++++ PROVIDED RECORDS ++++
subsection \<open>Nemethi's lattice cohomology H^+ (adjacent vertices pair to +1)\<close>

definition wt :: "('v::finite \<Rightarrow> 'v \<Rightarrow> bool) \<Rightarrow> ('v \<Rightarrow> int) \<Rightarrow> ('v \<Rightarrow> int) \<Rightarrow> ('v \<Rightarrow> int) \<Rightarrow> int" where
  "wt E m k0 x = (- (pair 1 E m x x + evalk k0 x)) div 2"

definition cube_pts :: "('v::finite \<Rightarrow> int) \<Rightarrow> 'v set \<Rightarrow> (real^'v) set" where
  "cube_pts a I = {p. \<forall>v. if v \<in> I then of_int (a v) \<le> p $ v \<and> p $ v \<le> of_int (a v) + 1
                         else p $ v = of_int (a v)}"

definition cube_verts :: "('v::finite \<Rightarrow> int) \<Rightarrow> 'v set \<Rightarrow> ('v \<Rightarrow> int) set" where
  "cube_verts a I = {(\<lambda>v. a v + (if v \<in> J then 1 else 0)) | J. J \<subseteq> I}"

definition cube_wt :: "('v::finite \<Rightarrow> 'v \<Rightarrow> bool) \<Rightarrow> ('v \<Rightarrow> int) \<Rightarrow> ('v \<Rightarrow> int) \<Rightarrow> ('v \<Rightarrow> int) \<Rightarrow> 'v set \<Rightarrow> int" where
  "cube_wt E m k0 a I = Max (wt E m k0 ` cube_verts a I)"

definition Sset :: "('v::finite \<Rightarrow> 'v \<Rightarrow> bool) \<Rightarrow> ('v \<Rightarrow> int) \<Rightarrow> ('v \<Rightarrow> int) \<Rightarrow> int \<Rightarrow> (real^'v) set" where
  "Sset E m k0 n = \<Union> {cube_pts a I | a I. cube_wt E m k0 a I \<le> n}"

text \<open>H^0(S;Z): integer functions on S constant on path components (extended by 0 off S).\<close>
definition H0 :: "(real^'v::finite) set \<Rightarrow> (real^'v \<Rightarrow> int) set" where
  "H0 S = {f. (\<forall>p. p \<notin> S \<longrightarrow> f p = 0) \<and> (\<forall>p q. path_component S p q \<longrightarrow> f p = f q)}"

definition orbit :: "('v::finite \<Rightarrow> 'v \<Rightarrow> bool) \<Rightarrow> ('v \<Rightarrow> int) \<Rightarrow> ('v \<Rightarrow> int) \<Rightarrow> ('v \<Rightarrow> int) set" where
  "orbit E m k = {(\<lambda>u. k u + 2 * dualf 1 E m x u) | x. True}"

definition Orbits :: "('v::finite \<Rightarrow> 'v \<Rightarrow> bool) \<Rightarrow> ('v \<Rightarrow> int) \<Rightarrow> ('v \<Rightarrow> int) set set" where
  "Orbits E m = orbit E m ` Char 1 E m"

definition rep :: "('v \<Rightarrow> int) set \<Rightarrow> ('v \<Rightarrow> int)" where
  "rep Ob = (SOME k. k \<in> Ob)"

text \<open>H^+(Gamma) = direct sum over orbits [k0] and n in Z of H^0(S_n).\<close>
definition HPlus :: "('v::finite \<Rightarrow> 'v \<Rightarrow> bool) \<Rightarrow> ('v \<Rightarrow> int)
    \<Rightarrow> (('v \<Rightarrow> int) set \<times> int \<Rightarrow> real^'v \<Rightarrow> int) monoid" where
  "HPlus E m = \<lparr>carrier = {F. (\<forall>Ob n. F (Ob, n) \<in> H0 (Sset E m (rep Ob) n))
                            \<and> (\<forall>Ob n. Ob \<notin> Orbits E m \<longrightarrow> F (Ob, n) = (\<lambda>_. 0))
                            \<and> finite {i. F i \<noteq> (\<lambda>_. 0)}},
                monoid.mult = (\<lambda>F G i p. F i p + G i p),
                one = (\<lambda>i p. 0)\<rparr>"

text \<open>U: H^0(S_{n+1}) -> H^0(S_n), restriction along the inclusion S_n in S_{n+1}.\<close>
definition Umap :: "('v::finite \<Rightarrow> 'v \<Rightarrow> bool) \<Rightarrow> ('v \<Rightarrow> int)
    \<Rightarrow> (('v \<Rightarrow> int) set \<times> int \<Rightarrow> real^'v \<Rightarrow> int) \<Rightarrow> (('v \<Rightarrow> int) set \<times> int \<Rightarrow> real^'v \<Rightarrow> int)" where
  "Umap E m F = (\<lambda>(Ob, n) p. if p \<in> Sset E m (rep Ob) n then F (Ob, n + 1) p else 0)"

definition KerU :: "('v::finite \<Rightarrow> 'v \<Rightarrow> bool) \<Rightarrow> ('v \<Rightarrow> int)
    \<Rightarrow> (('v \<Rightarrow> int) set \<times> int \<Rightarrow> real^'v \<Rightarrow> int) monoid" where
  "KerU E m = subgroup_generated (HPlus E m) (kernel (HPlus E m) (HPlus E m) (Umap E m))"

end

theory Submission
  imports Defs
begin

text \<open>
  A forest is bipartite, and changing the sign of the coordinates on one colour class identifies
  the convention in which adjacent vertices pair to \<open>-1\<close> with the one in which they pair to \<open>+1\<close>;
  so both sides can be computed in the latter. Fix an orbit \<open>[r]\<close>. By negative definiteness each
  \<open>k\<close> in it is \<open>r + 2x\<^sup>*\<close> for a unique lattice point \<open>x\<close>, and the change of the weight \<open>w\<close> along a unit
  step from \<open>x\<close> is read off from \<open>k\<close>: relation (II) is exactly the case of a step of constant
  weight, relation (I) the case of a step to a smaller weight. Hence \<open>\<bbbH>(\<Gamma>;\<int>)\<close> is free on the
  components of the sublevel graphs \<open>{w \<le> n}\<close> (lattice points joined by unit steps) on which \<open>w\<close>
  attains its minimum \<open>n\<close>. On the other side, \<open>S\<^sub>n\<close> is a finite union of convex cubes, finite
  again by negative definiteness, so its path components are those of the sublevel graph; a class
  in \<open>H\<^sup>0(S\<^sub>n)\<close> lies in \<open>ker U\<close> iff it vanishes on the components meeting \<open>S\<^sub>n\<^sub>-\<^sub>1\<close>, which are
  exactly the non-minimal ones. So \<open>ker U\<close> is free on the same set, via indicator functions.
\<close>

section \<open>Forests are bipartite\<close>

definition simple_path_in :: "('v \<Rightarrow> 'v \<Rightarrow> bool) \<Rightarrow> 'v set \<Rightarrow> 'v list \<Rightarrow> bool" where
  "simple_path_in E A xs \<longleftrightarrow> xs \<noteq> [] \<and> set xs \<subseteq> A \<and> distinct xs \<and>
     (\<forall>i. Suc i < length xs \<longrightarrow> E (xs ! i) (xs ! Suc i))"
++++
[REQUIRED WORK]: Word for word, restate all of the entries.

[EXERCISE RESPONSE]:
subsection \<open>Nemethi's lattice cohomology H^+ (adjacent vertices pair to +1)\<close>

definition wt :: "('v::finite \<Rightarrow> 'v \<Rightarrow> bool) \<Rightarrow> ('v \<Rightarrow> int) \<Rightarrow> ('v \<Rightarrow> int) \<Rightarrow> ('v \<Rightarrow> int) \<Rightarrow> int" where
  "wt E m k0 x = (- (pair 1 E m x x + evalk k0 x)) div 2"

definition cube_pts :: "('v::finite \<Rightarrow> int) \<Rightarrow> 'v set \<Rightarrow> (real^'v) set" where
  "cube_pts a I = {p. \<forall>v. if v \<in> I then of_int (a v) \<le> p $ v \<and> p $ v \<le> of_int (a v) + 1
                         else p $ v = of_int (a v)}"

definition cube_verts :: "('v::finite \<Rightarrow> int) \<Rightarrow> 'v set \<Rightarrow> ('v \<Rightarrow> int) set" where
  "cube_verts a I = {(\<lambda>v. a v + (if v \<in> J then 1 else 0)) | J. J \<subseteq> I}"

definition cube_wt :: "('v::finite \<Rightarrow> 'v \<Rightarrow> bool) \<Rightarrow> ('v \<Rightarrow> int) \<Rightarrow> ('v \<Rightarrow> int) \<Rightarrow> ('v \<Rightarrow> int) \<Rightarrow> 'v set \<Rightarrow> int" where
  "cube_wt E m k0 a I = Max (wt E m k0 ` cube_verts a I)"

definition Sset :: "('v::finite \<Rightarrow> 'v \<Rightarrow> bool) \<Rightarrow> ('v \<Rightarrow> int) \<Rightarrow> ('v \<Rightarrow> int) \<Rightarrow> int \<Rightarrow> (real^'v) set" where
  "Sset E m k0 n = \<Union> {cube_pts a I | a I. cube_wt E m k0 a I \<le> n}"

text \<open>H^0(S;Z): integer functions on S constant on path components (extended by 0 off S).\<close>
definition H0 :: "(real^'v::finite) set \<Rightarrow> (real^'v \<Rightarrow> int) set" where
  "H0 S = {f. (\<forall>p. p \<notin> S \<longrightarrow> f p = 0) \<and> (\<forall>p q. path_component S p q \<longrightarrow> f p = f q)}"

definition orbit :: "('v::finite \<Rightarrow> 'v \<Rightarrow> bool) \<Rightarrow> ('v \<Rightarrow> int) \<Rightarrow> ('v \<Rightarrow> int) \<Rightarrow> ('v \<Rightarrow> int) set" where
  "orbit E m k = {(\<lambda>u. k u + 2 * dualf 1 E m x u) | x. True}"

definition Orbits :: "('v::finite \<Rightarrow> 'v \<Rightarrow> bool) \<Rightarrow> ('v \<Rightarrow> int) \<Rightarrow> ('v \<Rightarrow> int) set set" where
  "Orbits E m = orbit E m ` Char 1 E m"

definition rep :: "('v \<Rightarrow> int) set \<Rightarrow> ('v \<Rightarrow> int)" where
  "rep Ob = (SOME k. k \<in> Ob)"

text \<open>H^+(Gamma) = direct sum over orbits [k0] and n in Z of H^0(S_n).\<close>
definition HPlus :: "('v::finite \<Rightarrow> 'v \<Rightarrow> bool) \<Rightarrow> ('v \<Rightarrow> int)
    \<Rightarrow> (('v \<Rightarrow> int) set \<times> int \<Rightarrow> real^'v \<Rightarrow> int) monoid" where
  "HPlus E m = \<lparr>carrier = {F. (\<forall>Ob n. F (Ob, n) \<in> H0 (Sset E m (rep Ob) n))
                            \<and> (\<forall>Ob n. Ob \<notin> Orbits E m \<longrightarrow> F (Ob, n) = (\<lambda>_. 0))
                            \<and> finite {i. F i \<noteq> (\<lambda>_. 0)}},
                monoid.mult = (\<lambda>F G i p. F i p + G i p),
                one = (\<lambda>i p. 0)\<rparr>"

text \<open>U: H^0(S_{n+1}) -> H^0(S_n), restriction along the inclusion S_n in S_{n+1}.\<close>
definition Umap :: "('v::finite \<Rightarrow> 'v \<Rightarrow> bool) \<Rightarrow> ('v \<Rightarrow> int)
    \<Rightarrow> (('v \<Rightarrow> int) set \<times> int \<Rightarrow> real^'v \<Rightarrow> int) \<Rightarrow> (('v \<Rightarrow> int) set \<times> int \<Rightarrow> real^'v \<Rightarrow> int)" where
  "Umap E m F = (\<lambda>(Ob, n) p. if p \<in> Sset E m (rep Ob) n then F (Ob, n + 1) p else 0)"

definition KerU :: "('v::finite \<Rightarrow> 'v \<Rightarrow> bool) \<Rightarrow> ('v \<Rightarrow> int)
    \<Rightarrow> (('v \<Rightarrow> int) set \<times> int \<Rightarrow> real^'v \<Rightarrow> int) monoid" where
  "KerU E m = subgroup_generated (HPlus E m) (kernel (HPlus E m) (HPlus E m) (Umap E m))"

end

theory Submission
  imports Defs
begin

text \<open>
  A forest is bipartite, and changing the sign of the coordinates on one colour class identifies
  the convention in which adjacent vertices pair to \<open>-1\<close> with the one in which they pair to \<open>+1\<close>;
  so both sides can be computed in the latter. Fix an orbit \<open>[r]\<close>. By negative definiteness each
  \<open>k\<close> in it is \<open>r + 2x\<^sup>*\<close> for a unique lattice point \<open>x\<close>, and the change of the weight \<open>w\<close> along a unit
  step from \<open>x\<close> is read off from \<open>k\<close>: relation (II) is exactly the case of a step of constant
  weight, relation (I) the case of a step to a smaller weight. Hence \<open>\<bbbH>(\<Gamma>;\<int>)\<close> is free on the
  components of the sublevel graphs \<open>{w \<le> n}\<close> (lattice points joined by unit steps) on which \<open>w\<close>
  attains its minimum \<open>n\<close>. On the other side, \<open>S\<^sub>n\<close> is a finite union of convex cubes, finite
  again by negative definiteness, so its path components are those of the sublevel graph; a class
  in \<open>H\<^sup>0(S\<^sub>n)\<close> lies in \<open>ker U\<close> iff it vanishes on the components meeting \<open>S\<^sub>n\<^sub>-\<^sub>1\<close>, which are
  exactly the non-minimal ones. So \<open>ker U\<close> is free on the same set, via indicator functions.
\<close>

section \<open>Forests are bipartite\<close>

definition simple_path_in :: "('v \<Rightarrow> 'v \<Rightarrow> bool) \<Rightarrow> 'v set \<Rightarrow> 'v list \<Rightarrow> bool" where
  "simple_path_in E A xs \<longleftrightarrow> xs \<noteq> [] \<and> set xs \<subseteq> A \<and> distinct xs \<and>
     (\<forall>i. Suc i < length xs \<longrightarrow> E (xs ! i) (xs ! Suc i))"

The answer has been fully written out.